Spot Slope

The Spot Slope can be a useful little tool out in the landscape. You can place one at any given point and immediately get the slope for that face. But they do have a few funny little quirks as well as some other limitations.

A Spot Slope can be placed on Floors, Topo, and even Ramps. On first glance, it seems like they do not read the slope of a Ramp, but (as mentioned on Revit OpEd) you can move an already existing Spot Slope onto a Ramp and it will display the slope of the Ramp. But to get this to work, the Spot Slope should be on a Floor first (and not Topo).

ramp_no slope   ramp_slope

Once a Spot Slope is placed on Topo, it cannot be placed on anything but Topo. If you attempt to move it to a Floor or Ramp that is not within Topo, Revit will give you the option to Cancel or Delete.

spot slope error

You can, however, copy a Spot Slope and the copied Spot Slope will host to the nearest Floor or Ramp. In fact, as long as you are not in Wireframe, the Spot Slope seems to prefer Floors. If you are in Wireframe, copied Spot Slopes will only host to Topo.

But the best method for placing Spot Slopes is to just place them new.
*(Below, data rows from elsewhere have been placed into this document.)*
(* Let $d\ge2$, $\gamma>0$, $\beta\in(0,1)$, and let $\psi:\mathbb R^d\to\mathbb C^d$ be a vector field (with the integrals below convergent) such that $\mathcal R_\beta[\psi]=\psi$. Then $\mathcal R_{\beta^n}[\psi]=\psi$ for every $n\in\mathbb N$.
   Context: Let $c=\gamma-d-1$. For $\beta\in(0,1)$ and $\vartheta:\mathbb R^d\to\mathbb C^d$, $$\mathcal R_\beta[\vartheta](\eta)=\beta^c e^{|\eta|^\gamma(1-\beta^{-\gamma})}\vartheta(\eta/\beta)+i\gamma\int_1^{1/\beta}\frac{e^{|\eta|^\gamma(1-t^\gamma)}}{t^c}\int_{\mathbb R^d}\big(\eta\cdot\vartheta(\eta t-x)\big)\,P_\eta\vartheta(x)\,dx\,dt,$$ where $a\cdot b=\sum_ja_jb_j$ and $P_\eta w=w-\frac{w\cdot\eta}{|\eta|^2}\eta$. *)

theory Defs
  imports "HOL-Analysis.Analysis"
begin

text \<open>Vectors in C^d are modelled as complex^'n, vectors in R^d as real^'n,
  with d = CARD('n).\<close>

definition cvec :: "real^'n \<Rightarrow> complex^'n" where
  "cvec \<eta> = (\<chi> j. complex_of_real (\<eta> $ j))"

text \<open>Bilinear (non-conjugated) dot product a . b = sum_j a_j b_j.\<close>
definition cdot :: "complex^'n \<Rightarrow> complex^'n \<Rightarrow> complex" where
  "cdot a b = (\<Sum>j\<in>UNIV. a $ j * b $ j)"

definition cscale :: "complex \<Rightarrow> complex^'n \<Rightarrow> complex^'n" where
  "cscale s w = (\<chi> j. s * w $ j)"

definition Pproj :: "real^'n \<Rightarrow> complex^'n \<Rightarrow> complex^'n" where
  "Pproj \<eta> w = w - cscale (cdot w (cvec \<eta>) / complex_of_real ((norm \<eta>)\<^sup>2)) (cvec \<eta>)"

definition cexp :: "real \<Rightarrow> 'n::finite itself \<Rightarrow> real" where
  "cexp \<gamma> _ = \<gamma> - real CARD('n) - 1"

definition inner_integrand ::
  "(real^'n \<Rightarrow> complex^'n) \<Rightarrow> real^'n \<Rightarrow> real \<Rightarrow> real^'n \<Rightarrow> complex^'n" where
  "inner_integrand \<theta> \<eta> t x = cscale (cdot (cvec \<eta>) (\<theta> (t *\<^sub>R \<eta> - x))) (Pproj \<eta> (\<theta> x))"

definition inner_int ::
  "(real^'n \<Rightarrow> complex^'n) \<Rightarrow> real^'n \<Rightarrow> real \<Rightarrow> complex^'n" where
  "inner_int \<theta> \<eta> t = integral\<^sup>L lborel (inner_integrand \<theta> \<eta> t)"

definition outer_integrand ::
  "real \<Rightarrow> (real^'n \<Rightarrow> complex^'n) \<Rightarrow> real^'n \<Rightarrow> real \<Rightarrow> complex^'n" where
  "outer_integrand \<gamma> \<theta> \<eta> t =
     (exp ((norm \<eta>) powr \<gamma> * (1 - t powr \<gamma>)) / t powr (cexp \<gamma> TYPE('n)))
       *\<^sub>R inner_int \<theta> \<eta> t"

definition Rop ::
  "real \<Rightarrow> real \<Rightarrow> (real^'n \<Rightarrow> complex^'n) \<Rightarrow> real^'n \<Rightarrow> complex^'n" where
  "Rop \<gamma> \<beta> \<theta> \<eta> =
     (\<beta> powr (cexp \<gamma> TYPE('n)) * exp ((norm \<eta>) powr \<gamma> * (1 - \<beta> powr (-\<gamma>))))
        *\<^sub>R \<theta> ((1 / \<beta>) *\<^sub>R \<eta>)
     + cscale (\<i> * complex_of_real \<gamma>)
         (set_lebesgue_integral lborel {1..1/\<beta>} (outer_integrand \<gamma> \<theta> \<eta>))"

end

theory Submission
  imports Defs
begin

text \<open>Split the outer integral of R_{ab}[\<theta>](\<eta>) at 1/a and substitute t = s/a on
  (1/a, 1/(ab)]. The inner integral is homogeneous: its integrand at (\<eta>, s/a) is a times the
  integrand at (\<eta>/a, s), because P_\<eta> depends only on the direction of \<eta>. Hence the first
  term and the tail together equal a^c e^{|\<eta>|^\<gamma> (1 - a^{-\<gamma>})} R_b[\<theta>](\<eta>/a), so a fixed point
  of R_b satisfies R_{ab}[\<theta>] = R_a[\<theta>]. As R_1 is the identity, induction on n gives
  R_{\<beta>^n}[\<psi>] = \<psi>.\<close>

lemma cdot_cvec_scaleR_left: "cdot (cvec (r *\<^sub>R \<eta>)) w = complex_of_real r * cdot (cvec \<eta>) w"
  unfolding cdot_def cvec_def by (simp add: sum_distrib_left algebra_simps)

lemma cdot_cvec_scaleR_right: "cdot w (cvec (r *\<^sub>R \<eta>)) = complex_of_real r * cdot w (cvec \<eta>)"
  unfolding cdot_def cvec_def by (simp add: sum_distrib_left algebra_simps)

lemma cscale_add: "cscale z (u + v) = cscale z u + cscale z v"
  unfolding cscale_def by (simp add: vec_eq_iff algebra_simps)

lemma cscale_scaleR: "cscale z (r *\<^sub>R v) = r *\<^sub>R cscale z v"
  unfolding cscale_def by (simp add: vec_eq_iff)

lemma cscale_of_real_mult: "cscale (complex_of_real r * z) v = r *\<^sub>R cscale z v"
  unfolding cscale_def by (simp add: vec_eq_iff) (simp add: scaleR_conv_of_real)

lemma cscale_zero [simp]: "cscale z 0 = 0"
  unfolding cscale_def by (simp add: vec_eq_iff)

lemma Pproj_scaleR:
  assumes "r \<noteq> 0"
  shows "Pproj (r *\<^sub>R \<eta>) = Pproj \<eta>"
proof -
  have "complex_of_real r * X / complex_of_real ((norm (r *\<^sub>R \<eta>))\<^sup>2) * (complex_of_real r * v)
      = X / complex_of_real ((norm \<eta>)\<^sup>2) * v" for X v
  proof (cases "\<eta> = 0")
    case False
    have "complex_of_real \<bar>r\<bar> * complex_of_real \<bar>r\<bar> = complex_of_real r * complex_of_real r"
      by (metis abs_mult_self_eq of_real_mult)
    with assms False show ?thesis
      by (simp add: power2_eq_square field_simps)
  qed simp
  then show ?thesis
    unfolding Pproj_def cscale_def cdot_cvec_scaleR_right
    by (simp add: fun_eq_iff vec_eq_iff cvec_def)
qed

lemma inner_int_rescale:
  assumes "a > 0"
  shows "inner_int \<theta> \<eta> (s / a) = a *\<^sub>R inner_int \<theta> ((1/a) *\<^sub>R \<eta>) s"
proof -
  have \<eta>: "\<eta> = a *\<^sub>R ((1/a) *\<^sub>R \<eta>)" and "(s / a) *\<^sub>R \<eta> = s *\<^sub>R ((1/a) *\<^sub>R \<eta>)"
    using assms by simp_all
  moreover have "cdot (cvec \<eta>) w = complex_of_real a * cdot (cvec ((1/a) *\<^sub>R \<eta>)) w" for w
    by (subst \<eta>) (rule cdot_cvec_scaleR_left)
  moreover have "Pproj \<eta> = Pproj ((1/a) *\<^sub>R \<eta>)"
    using Pproj_scaleR[of "1/a" \<eta>] assms by simp
  ultimately have "inner_integrand \<theta> \<eta> (s/a) = (\<lambda>x. a *\<^sub>R inner_integrand \<theta> ((1/a) *\<^sub>R \<eta>) s x)"
    unfolding inner_integrand_def by (simp add: cscale_of_real_mult)
  then show ?thesis
    unfolding inner_int_def by simp
qed

lemma outer_integrand_rescale:
  fixes \<theta> :: "real^'n \<Rightarrow> complex^'n"
  assumes a: "a > 0" and s: "s > 0"
  shows "outer_integrand \<gamma> \<theta> \<eta> (s / a) =
    (a * a powr cexp \<gamma> TYPE('n) * exp ((norm \<eta>) powr \<gamma> * (1 - a powr (-\<gamma>))))
      *\<^sub>R outer_integrand \<gamma> \<theta> ((1/a) *\<^sub>R \<eta>) s"
proof -
  define c where "c = cexp \<gamma> TYPE('n)"
  define N where "N = (norm \<eta>) powr \<gamma>"
  have "(norm ((1/a) *\<^sub>R \<eta>)) powr \<gamma> = N / a powr \<gamma>"
    using a by (simp add: N_def powr_divide)
  moreover have "(s/a) powr \<gamma> = s powr \<gamma> / a powr \<gamma>" "(s/a) powr c = s powr c / a powr c"
    using a s by (simp_all add: powr_divide)
  moreover have "a powr (-\<gamma>) = 1 / a powr \<gamma>"
    using a by (simp add: powr_minus_divide)
  moreover have "exp (N * (1 - s powr \<gamma> / a powr \<gamma>)) / (s powr c / a powr c) * a =
      a * a powr c * exp (N * (1 - 1 / a powr \<gamma>)) * (exp (N / a powr \<gamma> * (1 - s powr \<gamma>)) / s powr c)"
  proof -
    have "exp (N * (1 - s powr \<gamma> / a powr \<gamma>)) =
        exp (N * (1 - 1 / a powr \<gamma>)) * exp (N / a powr \<gamma> * (1 - s powr \<gamma>))"
      by (simp add: exp_add[symmetric] algebra_simps diff_divide_distrib)
    then show ?thesis
      using a s by (simp add: field_simps)
  qed
  ultimately show ?thesis
    unfolding outer_integrand_def inner_int_rescale[OF a] c_def[symmetric] N_def[symmetric]
    by simp
qed

lemma set_integral_Icc_eq_Ioc:
  fixes a b :: real and f :: "real \<Rightarrow> 'a::{banach, second_countable_topology}"
  assumes "a \<le> b"
  shows "(LINT x:{a..b}|lborel. f x) = (LINT x:{a<..b}|lborel. f x)"
  using interval_integral_Icc[OF assms, of f] interval_integral_Ioc[of a b f] assms by simp

lemma set_integral_Ioc_rescale:
  fixes f :: "real \<Rightarrow> 'a::{banach, second_countable_topology}"
  assumes "a > 0"
  shows "(LINT x:{p/a<..q/a}|lborel. f x) = (1/a) *\<^sub>R (LINT s:{p<..q}|lborel. f (s/a))"
proof -
  have "(LINT x:{p/a<..q/a}|lborel. f x)
      = \<bar>1/a\<bar> *\<^sub>R (\<integral>s. indicator {p/a<..q/a} (0 + (1/a) * s) *\<^sub>R f (0 + (1/a) * s) \<partial>lborel)"
    unfolding set_lebesgue_integral_def
    by (rule lborel_integral_real_affine) (use assms in simp)
  also have "(\<lambda>s. indicator {p/a<..q/a} (0 + (1/a) * s) *\<^sub>R f (0 + (1/a) * s))
      = (\<lambda>s. indicator {p<..q} s *\<^sub>R f (s/a))"
    using assms by (auto simp: fun_eq_iff field_simps split: split_indicator)
  finally show ?thesis
    using assms unfolding set_lebesgue_integral_def by simp
qed

lemma Rop_one: "Rop \<gamma> 1 \<theta> = \<theta>"
proof
  fix \<eta>
  show "Rop \<gamma> 1 \<theta> \<eta> = \<theta> \<eta>"
    using set_integral_Icc_eq_Ioc[of 1 1 "outer_integrand \<gamma> \<theta> \<eta>"]
    by (simp add: Rop_def set_lebesgue_integral_def)
qed

lemma Rop_mult:
  fixes \<theta> :: "real^'n \<Rightarrow> complex^'n"
  assumes a: "0 < a" "a \<le> 1" and b: "0 < b" "b \<le> 1"
    and int: "\<And>\<eta> T. T \<ge> 1 \<Longrightarrow> set_integrable lborel {1..T} (outer_integrand \<gamma> \<theta> \<eta>)"
  shows "Rop \<gamma> (a*b) \<theta> \<eta> =
    (a powr cexp \<gamma> TYPE('n) * exp ((norm \<eta>) powr \<gamma> * (1 - a powr (-\<gamma>))))
      *\<^sub>R Rop \<gamma> b \<theta> ((1/a) *\<^sub>R \<eta>)
    + cscale (\<i> * complex_of_real \<gamma>) (LINT t:{1..1/a}|lborel. outer_integrand \<gamma> \<theta> \<eta> t)"
proof -
  define c where "c = cexp \<gamma> TYPE('n)"
  define E where "E = exp ((norm \<eta>) powr \<gamma> * (1 - a powr (-\<gamma>)))"
  define \<eta>' where "\<eta>' = (1/a) *\<^sub>R \<eta>"
  define F where "F = outer_integrand \<gamma> \<theta> \<eta>"
  define G where "G = outer_integrand \<gamma> \<theta> \<eta>'"
  have ab: "1 \<le> 1/a" "1/a \<le> 1/(a*b)" "1 \<le> 1/b"
    using a b by (simp_all add: field_simps)
  have F_int: "set_integrable lborel {1..1/(a*b)} F"
    unfolding F_def using int ab by auto
  have Icc_split: "{1..1/(a*b)} = {1..1/a} \<union> {1/a<..1/(a*b)}"
    using ab by auto
  have split: "(LINT t:{1..1/(a*b)}|lborel. F t)
      = (LINT t:{1..1/a}|lborel. F t) + (LINT t:{1/a<..1/(a*b)}|lborel. F t)"
    unfolding Icc_split
    by (rule set_integral_Un) (auto intro!: set_integrable_subset[OF F_int] simp: Icc_split)
  have "F (s/a) = (a * a powr c * E) *\<^sub>R G s" if "s \<in> {1<..1/b}" for s
    using that outer_integrand_rescale[OF a(1), of s \<gamma> \<theta> \<eta>]
    by (simp add: F_def G_def \<eta>'_def c_def E_def)
  then have "(\<lambda>s. indicator {1<..1/b} s *\<^sub>R F (s/a))
      = (\<lambda>s. (a * a powr c * E) *\<^sub>R (indicator {1<..1/b} s *\<^sub>R G s))"
    by (auto simp: fun_eq_iff split: split_indicator)
  then have "(LINT s:{1<..1/b}|lborel. F (s/a))
      = (a * a powr c * E) *\<^sub>R (LINT s:{1<..1/b}|lborel. G s)"
    unfolding set_lebesgue_integral_def integral_scaleR_right[symmetric] by (simp only:)
  then have tail: "(LINT t:{1/a<..1/(a*b)}|lborel. F t)
      = (a powr c * E) *\<^sub>R (LINT s:{1..1/b}|lborel. G s)"
    using set_integral_Ioc_rescale[OF a(1), where f=F and p=1 and q="1/b"]
      set_integral_Icc_eq_Ioc[OF ab(3), of G] a
    by (simp add: field_simps)
  have "(a*b) powr c = a powr c * b powr c" "(1 / (a*b)) *\<^sub>R \<eta> = (1/b) *\<^sub>R \<eta>'"
    using a b by (simp_all add: powr_mult \<eta>'_def)
  moreover have "exp (norm \<eta> powr \<gamma> * (1 - (a * b) powr - \<gamma>)) =
      E * exp (norm \<eta>' powr \<gamma> * (1 - b powr - \<gamma>))"
  proof -
    have "norm \<eta>' powr \<gamma> = norm \<eta> powr \<gamma> * a powr - \<gamma>"
      using a by (simp add: \<eta>'_def powr_divide powr_minus_divide)
    moreover have "(a * b) powr - \<gamma> = a powr - \<gamma> * b powr - \<gamma>"
      using a b by (simp add: powr_mult)
    ultimately show ?thesis
      unfolding E_def by (simp add: exp_add[symmetric] algebra_simps)
  qed
  ultimately show ?thesis
    unfolding Rop_def c_def[symmetric] E_def[symmetric] \<eta>'_def[symmetric] F_def[symmetric]
      G_def[symmetric] split tail
    by (simp add: cscale_add cscale_scaleR algebra_simps)
qed

lemma Rop_mult_of_fixed:
  fixes \<theta> :: "real^'n \<Rightarrow> complex^'n"
  assumes "0 < a" "a \<le> 1" "0 < b" "b \<le> 1"
    and "\<And>\<eta> T. T \<ge> 1 \<Longrightarrow> set_integrable lborel {1..T} (outer_integrand \<gamma> \<theta> \<eta>)"
    and "Rop \<gamma> b \<theta> = \<theta>"
  shows "Rop \<gamma> (a*b) \<theta> = Rop \<gamma> a \<theta>"
  using Rop_mult[OF assms(1-5)] assms(6) by (simp add: fun_eq_iff Rop_def)

theorem lemma10p1:
  fixes \<psi> :: "real^'n \<Rightarrow> complex^'n" and \<gamma> \<beta> :: real
  assumes "CARD('n) \<ge> 2"
    and "\<gamma> > 0"
    and "0 < \<beta>" and "\<beta> < 1"
    and "\<And>\<eta> t. t \<ge> 1 \<Longrightarrow> integrable lborel (inner_integrand \<psi> \<eta> t)"
    and "\<And>\<eta> T. T \<ge> 1 \<Longrightarrow> set_integrable lborel {1..T} (outer_integrand \<gamma> \<psi> \<eta>)"
    and "Rop \<gamma> \<beta> \<psi> = \<psi>"
  shows "\<forall>n::nat. Rop \<gamma> (\<beta> ^ n) \<psi> = \<psi>"
proof
  fix n :: nat
  show "Rop \<gamma> (\<beta> ^ n) \<psi> = \<psi>"
  proof (induction n)
    case 0
    show ?case by (simp add: Rop_one)
  next
    case (Suc n)
    have "0 < \<beta> ^ n" "\<beta> ^ n \<le> 1"
      using assms(3,4) by (simp_all add: power_le_one)
    then have "Rop \<gamma> (\<beta> * \<beta> ^ n) \<psi> = Rop \<gamma> \<beta> \<psi>"
      using Rop_mult_of_fixed[OF assms(3) _ _ _ assms(6) Suc.IH] assms(4) by simp
    then show ?case using assms(7) by simp
  qed
qed

end
text \<open>A right R-module: an abelian group M (additive part of a ring record) with a
  right scalar action act :: 'm => 'r => 'm, written act x r = x r.\<close>

definition right_module ::
  "('r, 'a) ring_scheme \<Rightarrow> ('m, 'b) ring_scheme \<Rightarrow> ('m \<Rightarrow> 'r \<Rightarrow> 'm) \<Rightarrow> bool" where
  "right_module R M act \<longleftrightarrow> ring R \<and> abelian_group M \<and>
     (\<forall>x\<in>carrier M. \<forall>r\<in>carrier R. act x r \<in> carrier M) \<and>
     (\<forall>x\<in>carrier M. \<forall>y\<in>carrier M. \<forall>r\<in>carrier R.
        act (x \<oplus>\<^bsub>M\<^esub> y) r = act x r \<oplus>\<^bsub>M\<^esub> act y r) \<and>
     (\<forall>x\<in>carrier M. \<forall>r\<in>carrier R. \<forall>s\<in>carrier R.
        act x (r \<oplus>\<^bsub>R\<^esub> s) = act x r \<oplus>\<^bsub>M\<^esub> act x s) \<and>
     (\<forall>x\<in>carrier M. \<forall>r\<in>carrier R. \<forall>s\<in>carrier R.
        act x (r \<otimes>\<^bsub>R\<^esub> s) = act (act x r) s) \<and>
     (\<forall>x\<in>carrier M. act x \<one>\<^bsub>R\<^esub> = x)"

definition module_endos ::
  "('r, 'a) ring_scheme \<Rightarrow> ('m, 'b) ring_scheme \<Rightarrow> ('m \<Rightarrow> 'r \<Rightarrow> 'm) \<Rightarrow> ('m \<Rightarrow> 'm) set" where
  "module_endos R M act = {f. f \<in> carrier M \<rightarrow> carrier M \<and> f \<in> extensional (carrier M) \<and>
     (\<forall>x\<in>carrier M. \<forall>y\<in>carrier M. f (x \<oplus>\<^bsub>M\<^esub> y) = f x \<oplus>\<^bsub>M\<^esub> f y) \<and>
     (\<forall>x\<in>carrier M. \<forall>r\<in>carrier R. f (act x r) = act (f x) r)}"

definition End_ring ::
  "('r, 'a) ring_scheme \<Rightarrow> ('m, 'b) ring_scheme \<Rightarrow> ('m \<Rightarrow> 'r \<Rightarrow> 'm) \<Rightarrow> ('m \<Rightarrow> 'm) ring" where
  "End_ring R M act =
     \<lparr> carrier = module_endos R M act,
       Group.monoid.mult = (\<lambda>f g. \<lambda>x\<in>carrier M. f (g x)),
       Group.monoid.one = (\<lambda>x\<in>carrier M. x),
       Ring.ring.zero = (\<lambda>x\<in>carrier M. \<zero>\<^bsub>M\<^esub>),
       Ring.ring.add = (\<lambda>f g. \<lambda>x\<in>carrier M. f x \<oplus>\<^bsub>M\<^esub> g x) \<rparr>"

definition submodule ::
  "('r, 'a) ring_scheme \<Rightarrow> ('m, 'b) ring_scheme \<Rightarrow> ('m \<Rightarrow> 'r \<Rightarrow> 'm) \<Rightarrow> 'm set \<Rightarrow> bool" where
  "submodule R M act N \<longleftrightarrow> additive_subgroup N M \<and>
     (\<forall>x\<in>N. \<forall>r\<in>carrier R. act x r \<in> N)"

definition fully_invariant ::
  "('r, 'a) ring_scheme \<Rightarrow> ('m, 'b) ring_scheme \<Rightarrow> ('m \<Rightarrow> 'r \<Rightarrow> 'm) \<Rightarrow> 'm set \<Rightarrow> bool" where
  "fully_invariant R M act N \<longleftrightarrow> submodule R M act N \<and>
     (\<forall>f\<in>module_endos R M act. f ` N \<subseteq> N)"

definition left_annihilator ::
  "('r, 'a) ring_scheme \<Rightarrow> ('m, 'b) ring_scheme \<Rightarrow> ('m \<Rightarrow> 'r \<Rightarrow> 'm) \<Rightarrow> 'm set \<Rightarrow> ('m \<Rightarrow> 'm) set" where
  "left_annihilator R M act N = {f \<in> module_endos R M act. \<forall>x\<in>N. f x = \<zero>\<^bsub>M\<^esub>}"

definition right_s_unital_ideal :: "'c set \<Rightarrow> ('c, 'd) ring_scheme \<Rightarrow> bool" where
  "right_s_unital_ideal I S \<longleftrightarrow> ideal I S \<and> (\<forall>a\<in>I. \<exists>x\<in>I. a \<otimes>\<^bsub>S\<^esub> x = a)"

definition endo_AIP ::
  "('r, 'a) ring_scheme \<Rightarrow> ('m, 'b) ring_scheme \<Rightarrow> ('m \<Rightarrow> 'r \<Rightarrow> 'm) \<Rightarrow> bool" where
  "endo_AIP R M act \<longleftrightarrow> (\<forall>N. fully_invariant R M act N \<longrightarrow>
     right_s_unital_ideal (left_annihilator R M act N) (End_ring R M act))"

text \<open>A local ring: a ring whose non-units form an ideal (equivalently, a unique
  maximal one-sided ideal); this forces 1 \<noteq> 0.\<close>

definition local_ring :: "('c, 'd) ring_scheme \<Rightarrow> bool" where
  "local_ring S \<longleftrightarrow> ring S \<and> ideal (carrier S - Units S) S"

definition prime_ring :: "('c, 'd) ring_scheme \<Rightarrow> bool" where
  "prime_ring S \<longleftrightarrow> ring S \<and> \<one>\<^bsub>S\<^esub> \<noteq> \<zero>\<^bsub>S\<^esub> \<and>
     (\<forall>a\<in>carrier S. \<forall>b\<in>carrier S.
        (\<forall>s\<in>carrier S. a \<otimes>\<^bsub>S\<^esub> s \<otimes>\<^bsub>S\<^esub> b = \<zero>\<^bsub>S\<^esub>) \<longrightarrow>
        a = \<zero>\<^bsub>S\<^esub> \<or> b = \<zero>\<^bsub>S\<^esub>)"

end

theory Submission
  imports Defs
begin

text \<open>Let \<open>a S b = 0\<close>. The elements of \<open>M\<close> killed by the right ideal \<open>a S\<close> form a fully
  invariant submodule \<open>N\<close> containing \<open>b M\<close>, and \<open>a \<in> l\<^sub>S(N)\<close>. Right s-unitality of
  \<open>l\<^sub>S(N)\<close> yields \<open>x\<close> with \<open>a x = a\<close> and \<open>x N = 0\<close>, hence \<open>x b = 0\<close>. In the local ring \<open>S\<close>
  either \<open>x\<close> is a unit, forcing \<open>b = 0\<close>, or \<open>1 - x\<close> is, and then \<open>a (1 - x) = 0\<close>
  forces \<open>a = 0\<close>.\<close>

lemma local_ring_nonunits_add_closed:
  assumes "local_ring S" "x \<in> carrier S - Units S" "y \<in> carrier S - Units S"
  shows "x \<oplus>\<^bsub>S\<^esub> y \<in> carrier S - Units S"
proof -
  have "ideal (carrier S - Units S) S" using assms(1) unfolding local_ring_def by blast
  then show ?thesis using assms(2,3) by (rule additive_subgroup.a_closed[OF ideal.axioms(1)])
qed

lemma local_ring_one_neq_zero:
  assumes "local_ring S"
  shows "\<one>\<^bsub>S\<^esub> \<noteq> \<zero>\<^bsub>S\<^esub>"
proof
  assume "\<one>\<^bsub>S\<^esub> = \<zero>\<^bsub>S\<^esub>"
  moreover have "\<zero>\<^bsub>S\<^esub> \<in> carrier S - Units S"
    using assms unfolding local_ring_def by (metis additive_subgroup.zero_closed ideal.axioms(1))
  moreover have "\<one>\<^bsub>S\<^esub> \<in> Units S"
    using assms monoid.Units_one_closed[OF ring.is_monoid] unfolding local_ring_def by blast
  ultimately show False by simp
qed

lemma local_ring_Units_or_one_minus_Units:
  assumes "local_ring S" and x: "x \<in> carrier S"
  shows "x \<in> Units S \<or> \<one>\<^bsub>S\<^esub> \<ominus>\<^bsub>S\<^esub> x \<in> Units S"
proof (rule ccontr)
  interpret ring S using assms(1) unfolding local_ring_def by blast
  assume "\<not> (x \<in> Units S \<or> \<one>\<^bsub>S\<^esub> \<ominus>\<^bsub>S\<^esub> x \<in> Units S)"
  then have "x \<oplus>\<^bsub>S\<^esub> (\<one>\<^bsub>S\<^esub> \<ominus>\<^bsub>S\<^esub> x) \<in> carrier S - Units S"
    using assms(1) x by (intro local_ring_nonunits_add_closed) auto
  moreover have "x \<oplus>\<^bsub>S\<^esub> (\<one>\<^bsub>S\<^esub> \<ominus>\<^bsub>S\<^esub> x) = \<one>\<^bsub>S\<^esub>"
    using x by (simp add: minus_eq a_lcomm[of x] r_neg)
  ultimately show False by simp
qed

lemma local_ring_right_unit_zero_divisor:
  assumes "local_ring S"
    and a: "a \<in> carrier S" and b: "b \<in> carrier S" and x: "x \<in> carrier S"
    and ax: "a \<otimes>\<^bsub>S\<^esub> x = a" and xb: "x \<otimes>\<^bsub>S\<^esub> b = \<zero>\<^bsub>S\<^esub>"
  shows "a = \<zero>\<^bsub>S\<^esub> \<or> b = \<zero>\<^bsub>S\<^esub>"
  using local_ring_Units_or_one_minus_Units[OF assms(1) x]
proof
  interpret ring S using assms(1) unfolding local_ring_def by blast
  assume "x \<in> Units S"
  then have "b = inv\<^bsub>S\<^esub> x \<otimes>\<^bsub>S\<^esub> (x \<otimes>\<^bsub>S\<^esub> b)"
    using b x by (simp add: m_assoc[symmetric] Units_l_inv)
  then show ?thesis using xb \<open>x \<in> Units S\<close> by simp
next
  interpret ring S using assms(1) unfolding local_ring_def by blast
  assume unit: "\<one>\<^bsub>S\<^esub> \<ominus>\<^bsub>S\<^esub> x \<in> Units S"
  then have "a = a \<otimes>\<^bsub>S\<^esub> ((\<one>\<^bsub>S\<^esub> \<ominus>\<^bsub>S\<^esub> x) \<otimes>\<^bsub>S\<^esub> inv\<^bsub>S\<^esub> (\<one>\<^bsub>S\<^esub> \<ominus>\<^bsub>S\<^esub> x))"
    using a by simp
  also have "\<dots> = a \<otimes>\<^bsub>S\<^esub> (\<one>\<^bsub>S\<^esub> \<ominus>\<^bsub>S\<^esub> x) \<otimes>\<^bsub>S\<^esub> inv\<^bsub>S\<^esub> (\<one>\<^bsub>S\<^esub> \<ominus>\<^bsub>S\<^esub> x)"
    using a x unit by (simp add: m_assoc)
  also have "a \<otimes>\<^bsub>S\<^esub> (\<one>\<^bsub>S\<^esub> \<ominus>\<^bsub>S\<^esub> x) = \<zero>\<^bsub>S\<^esub>"
    using a x ax by (simp add: r_distr minus_eq r_minus r_neg)
  finally show ?thesis using unit by simp
qed

lemma module_endos_abelian_group_hom:
  assumes "abelian_group M" "f \<in> module_endos R M act"
  shows "abelian_group_hom M M f"
  using assms by (intro abelian_group_homI group_hom.intro group_hom_axioms.intro)
    (auto simp: abelian_group.a_group module_endos_def hom_def)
When placing a new Spot Slope, the selected face or surface will highlight in blue (and you can use tab to toggle through and select other faces or edges).

spot slope highlight

The Spot Slope does have some room for improvement. In addition to fixing the Ramp bug, it would be nice if Spot Slopes could also have:

The ability to turn off the units (and just be an arrow).

The ability to see what it is hosted on and also have the ability to re-host it.

And finally, my biggest issue with Spot Slope is that it is a slope from a single spot. It would be vastly more useful if there was a tool that combined the Spot Slope with the Spot Elevation so that you could draw a line (or place two points) and then get the slope between those two spots.